======== Input records ========

lemma span_three_iff:
  "x \<in> span {a, b, c} \<longleftrightarrow> (\<exists>x1 x2 x3. x = x1 *\<^sub>R a + x2 *\<^sub>R b + x3 *\<^sub>R c)"
proof -
  have "x - x1 *\<^sub>R a - x2 *\<^sub>R b = x3 *\<^sub>R c \<longleftrightarrow> x = x1 *\<^sub>R a + x2 *\<^sub>R b + x3 *\<^sub>R c"
    for x1 x2 x3
    by (metis add.commute diff_diff_eq diff_eq_eq)
  then show ?thesis
    by (simp add: span_breakdown_eq span_singleton image_iff eq_commute)
qed

lemma dim_sig21_frame:
  assumes "sig21_frame e1 e2 e3"
  shows "dim (span {e1, e2, e3}) = 3"
proof -
  have "c1 = 0 \<and> c2 = 0 \<and> c3 = 0" if "c1 *\<^sub>R e1 + c2 *\<^sub>R e2 + c3 *\<^sub>R e3 = 0" for c1 c2 c3
    using sig21_frame_coordinates[OF assms, of c1 c2 c3] unfolding that by simp
  then show ?thesis by (simp add: dim_three_vectors)
qed

lemma sig21_subspace_iff_frame:
  "sig21_subspace g \<longleftrightarrow> (\<exists>e1 e2 e3. sig21_frame e1 e2 e3 \<and> g = span {e1, e2, e3})"
proof
  assume "\<exists>e1 e2 e3. sig21_frame e1 e2 e3 \<and> g = span {e1, e2, e3}"
  then obtain e1 e2 e3 where "sig21_frame e1 e2 e3" "g = span {e1, e2, e3}" by blast
  then show "sig21_subspace g"
    using dim_sig21_frame by (auto simp: sig21_subspace_def sig21_frame_def)
qed (auto simp: sig21_subspace_def sig21_frame_def)

lemma sig21_subspace_has_null_vector:
  assumes "sig21_subspace g"
  obtains q where "q \<in> g" "is_sphere q"
proof -
  obtain e1 e2 e3 where e: "sig21_frame e1 e2 e3" and g: "g = span {e1, e2, e3}"
    using assms sig21_subspace_iff_frame by blast
  have "lform (e1 + e3) (e1 + e3) = 0"
    using e by (simp add: sig21_frame_def lform_commute[of e3 e1])
  moreover have "e1 + e3 \<noteq> 0"
    using e by (auto simp: sig21_frame_def add_eq_0_iff)
  moreover have "e1 + e3 \<in> g"
    unfolding g by (intro span_add span_base) auto
  ultimately show thesis
    by (intro that) (auto simp: is_sphere_def)
qed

========

__Requirement__: Reproduce, exactly as they stand in the data above, the lines from the one that holds "using sig21_frame_coordinates[OF assms, of" to the one that holds "(e1 + e3) (e1", inclusive.

__Completed task__:
    using sig21_frame_coordinates[OF assms, of c1 c2 c3] unfolding that by simp
  then show ?thesis by (simp add: dim_three_vectors)
qed

lemma sig21_subspace_iff_frame:
  "sig21_subspace g \<longleftrightarrow> (\<exists>e1 e2 e3. sig21_frame e1 e2 e3 \<and> g = span {e1, e2, e3})"
proof
  assume "\<exists>e1 e2 e3. sig21_frame e1 e2 e3 \<and> g = span {e1, e2, e3}"
  then obtain e1 e2 e3 where "sig21_frame e1 e2 e3" "g = span {e1, e2, e3}" by blast
  then show "sig21_subspace g"
    using dim_sig21_frame by (auto simp: sig21_subspace_def sig21_frame_def)
qed (auto simp: sig21_subspace_def sig21_frame_def)

lemma sig21_subspace_has_null_vector:
  assumes "sig21_subspace g"
  obtains q where "q \<in> g" "is_sphere q"
proof -
  obtain e1 e2 e3 where e: "sig21_frame e1 e2 e3" and g: "g = span {e1, e2, e3}"
    using assms sig21_subspace_iff_frame by blast
  have "lform (e1 + e3) (e1 + e3) = 0"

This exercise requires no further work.